As contas de Governo da Administração relativas ao ano de 2103, do prefeito cassado de Santo Antônio de Leverger, Valdir Ribeiro (PT), e que foram julgadas regulares pelo Tribunal de Contas do Estado de Mato Grosso – TCE, estão prontas para serem julgadas pela Câmara Municipal de Santo Antônio de Leverger.
Apesar do relatório do vereador, Adelmar Galio (PSDB), já estar pronto pra ser apresentado e lido em plenário, o que deveria acontecer na sessão especial da manhã desta quinta-feira (31), o processo não entrou em julgamento.
Ocorre que numa manobra de alguns vereadores oposicionistas ao ex-prefeito, a sessão foi esvaziada, não houve quórum (número suficiente de vereadores presentes no plenário), para que a sessão fosse aberta pelo presidente da Câmara Municipal, vereador Franklin Silva (PSDB). Somente quatro parlamentares estavam em plenário, o próprio presidente, o relator do processo, Adelmar Galio, Veraldo Cruz (PP) e Ugo Padilha (PMDB). Diante disso, o presidente marcou uma nova sessão que poderá ocorrer na próxima terça-feira (5).
As duas contas (Governo e Gestão) haviam sido julgadas regulares, em julgamento do pleno do TCE-MT entre setembro e outubro de 2014.
Contas de Gestão
Geralmente é nas contas de gestão que o TCE-MT, detecta falhas, irregularidades e ilegalidades, pois o regime jurídico de Contas de Gestão alcança as contas prestadas ou tomadas dos administradores de recursos públicos, que nas gestões descentralizadas são os secretários do prefeito e dirigentes de outras instituições municipais. Esse regime impõe o julgamento técnico realizado em caráter definitivo pela Corte de Contas, consubstanciado em acórdão, que terá eficácia de título executivo, quando imputar débito (reparação de dano patrimonial) ou aplicar multa (punição).
O Tribunal tem a competência exclusiva de examinar os aspetos jurídicos ligados ao efetivo processamento das despesas, isto é, ligados aos atos de gestão, de onde recebe sua denominação, aspectos esses previstos na Lei nº 4.320/64
Contas de Governo
As Contas de Governo de um prefeito, verifica principalmente se os percentuais constitucionais foram aplicados corretamente em áreas como educação, saúde e gasto com pessoal.
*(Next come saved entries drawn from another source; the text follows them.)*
subsection \<open>Paging algorithms\<close>

lemma paging_alg_cache_size:
  assumes "paging_alg k A"
  shows "finite (A xs) \<and> card (A xs) \<le> k"
proof (induction xs rule: rev_induct)
  case Nil
  then show ?case using assms by (simp add: paging_alg_def)
next
  case (snoc r xs)
  have step: "if r \<in> A xs then A (xs @ [r]) = A xs
      else if card (A xs) < k then A (xs @ [r]) = insert r (A xs)
      else (\<exists>q\<in>A xs. A (xs @ [r]) = insert r (A xs - {q}))"
    using assms unfolding paging_alg_def by blast
  show ?case
  proof (cases "r \<in> A xs")
    case True
    then show ?thesis using step snoc.IH by simp
  next
    case miss: False
    show ?thesis
    proof (cases "card (A xs) < k")
      case True
      then show ?thesis using step snoc.IH miss by (simp add: card_insert_if)
    next
      case False
      then obtain q where "q \<in> A xs" "A (xs @ [r]) = insert r (A xs - {q})"
        using step miss by auto
      moreover have "0 < card (A xs)"
        using \<open>q \<in> A xs\<close> snoc.IH card_gt_0_iff by blast
      ultimately show ?thesis using snoc.IH miss by simp
    qed
  qed
qed

lemma paging_alg_requested_in_cache:
  "paging_alg k A \<Longrightarrow> t < length I \<Longrightarrow> I ! t \<in> A (take (Suc t) I)"
  unfolding paging_alg_def by (metis insertI1 take_Suc_conv_app_nth)

lemma paging_alg_hit:
  "paging_alg k A \<Longrightarrow> \<not> is_fault A I t \<Longrightarrow> t < length I \<Longrightarrow> A (take (Suc t) I) = A (take t I)"
  unfolding paging_alg_def is_fault_def by (metis take_Suc_conv_app_nth)

definition faults_in :: "('p list \<Rightarrow> 'p set) \<Rightarrow> 'p list \<Rightarrow> nat \<Rightarrow> nat \<Rightarrow> nat" where
  "faults_in A I i j = card {t. i \<le> t \<and> t < j \<and> is_fault A I t}"

lemma faults_eq_faults_in: "faults A I = faults_in A I 0 (length I)"
  unfolding faults_def faults_in_def by simp

lemma finite_faults_in_set: "finite {t. i \<le> t \<and> t < j \<and> is_fault A I t}"
  by (rule finite_subset[of _ "{..<j}"]) auto

lemma faults_in_split:
  assumes "i \<le> j" "j \<le> l"
  shows "faults_in A I i l = faults_in A I i j + faults_in A I j l"
proof -
  have "{t. i \<le> t \<and> t < l \<and> is_fault A I t} =
        {t. i \<le> t \<and> t < j \<and> is_fault A I t} \<union> {t. j \<le> t \<and> t < l \<and> is_fault A I t}"
    using assms by auto
  moreover have "{t. i \<le> t \<and> t < j \<and> is_fault A I t} \<inter> {t. j \<le> t \<and> t < l \<and> is_fault A I t} = {}"
    by auto
  ultimately show ?thesis
    unfolding faults_in_def using finite_faults_in_set by (simp add: card_Un_disjoint)
qed

lemma faults_in_pos: "i \<le> t \<Longrightarrow> t < j \<Longrightarrow> is_fault A I t \<Longrightarrow> 1 \<le> faults_in A I i j"
  unfolding faults_in_def using finite_faults_in_set by (auto simp: Suc_le_eq card_gt_0_iff)

lemma fault_in_segment_of_more_than_k_pages:
  assumes B: "paging_alg k B" and ij: "i < j" "j \<le> length I"
    and pages: "k < card (set (segment I i j))"
  shows "\<exists>t. i < t \<and> t < j \<and> is_fault B I t"
proof (rule ccontr)
  assume "\<not> ?thesis"
  then have no_fault: "\<not> is_fault B I t" if "i < t" "t < j" for t
    using that by blast
  define C where "C = B (take (Suc i) I)"
  have cache_const: "B (take t I) = C" if "Suc i \<le> t" "t \<le> j" for t
    using that
  proof (induction t rule: dec_induct)
    case (step t)
    then show ?case using paging_alg_hit[OF B no_fault] ij by simp
  qed (simp add: C_def)
  have "set (segment I i j) \<subseteq> C"
  proof
    fix p assume "p \<in> set (segment I i j)"
    then obtain t where t: "i \<le> t" "t < j" "p = I ! t"
      using set_segment[OF ij(2)] by auto
    show "p \<in> C"
    proof (cases "t = i")
      case True
      then show ?thesis using t ij paging_alg_requested_in_cache[OF B] by (simp add: C_def)
    next
      case False
      then have "I ! t \<in> B (take t I)" using no_fault t unfolding is_fault_def by simp
      then show ?thesis using cache_const False t by simp
    qed
  qed
  then have "card (set (segment I i j)) \<le> card C"
    using paging_alg_cache_size[OF B] unfolding C_def by (intro card_mono) auto
  also have "card C \<le> k"
    using paging_alg_cache_size[OF B] unfolding C_def by blast
  finally show False using pages by simp
qed

lemma marking_faults_in_le_card:
  assumes M: "marking k A" and phase: "k_phase k I s e" and e: "e \<le> length I"
  shows "faults_in A I s e \<le> card (set (segment I s e))"
proof -
  let ?F = "{t. s \<le> t \<and> t < e \<and> is_fault A I t}"
  have "I ! a \<noteq> I ! b" if "a \<in> ?F" "b \<in> ?F" "a < b" for a b
  proof
    assume "I ! a = I ! b"
    moreover have "s \<le> a" "a \<le> b - 1" "b - 1 < e"
      using that by auto
    then have "I ! a \<in> A (take (Suc (b - 1)) I)"
      using M phase unfolding marking_def by blast
    ultimately show False using that unfolding is_fault_def by simp
  qed
  then have "inj_on ((!) I) ?F" by (rule linorder_inj_onI')
  then have "faults_in A I s e = card ((!) I ` ?F)"
    unfolding faults_in_def by (simp add: card_image)
  also have "\<dots> \<le> card (set (segment I s e))"
    using set_segment[OF e] by (intro card_mono) auto
  finally show ?thesis .
qed

subsection \<open>Phases\<close>

lemma phase_end_greatest:
  assumes "s \<le> length I"
  shows "s \<le> phase_end k I s \<and> phase_end k I s \<le> length I
           \<and> card (set (segment I s (phase_end k I s))) \<le> k"
    and "\<And>e. s \<le> e \<Longrightarrow> e \<le> length I \<Longrightarrow> card (set (segment I s e)) \<le> k \<Longrightarrow> e \<le> phase_end k I s"
proof -
  let ?P = "\<lambda>e. s \<le> e \<and> e \<le> length I \<and> card (set (segment I s e)) \<le> k"
  have "?P s" using assms by (simp add: segment_def)
  moreover have bound: "\<And>e. ?P e \<Longrightarrow> e \<le> length I" by simp
  ultimately show "?P (phase_end k I s)"
    unfolding phase_end_def by (rule GreatestI_nat)
  show "e \<le> phase_end k I s" if "s \<le> e" "e \<le> length I" "card (set (segment I s e)) \<le> k" for e
    unfolding phase_end_def using that bound by (intro Greatest_le_nat) auto
qed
Ou seja, o Tribunal verifica se o prefeito aplicou em educação pelo menos 25% dos impostos arrecadados e transferidos; o mesmo ocorrendo em relação a área de saúde cujo percentual mínimo é de 15% dos impostos arrecadados e transferidos.
Outros pontos de controle importantes são: se a prefeitura não ultrapassou o limite constitucional de 54% da Receita Corrente Líquida com pagamento de pessoal; e se houve aplicação regular do Fundeb, ou seja, 60% do total dos recursos do Fundeb têm de ser gastos com pagamento da remuneração dos professores do Magistério que atuam na educação básica. No caso municipal, a educação básica abrange a educação infantil e o ensino fundamental.
CÂMARA MUNICIPAL
O regime jurídico de Contas de Governo é exclusivo para a gestão política do Chefe do Poder Executivo e prevê o julgamento político levado a efeito pelos vereadores, mediante auxílio técnico do TCE-MT, que emite parecer prévio à Câmara Municipal, recomendando que as contas sejam aprovadas ou reprovadas. Entretanto, o parecer do TCE-MT só pode ser mudado com dois terços dos votos dos vereadores (8 vereadores).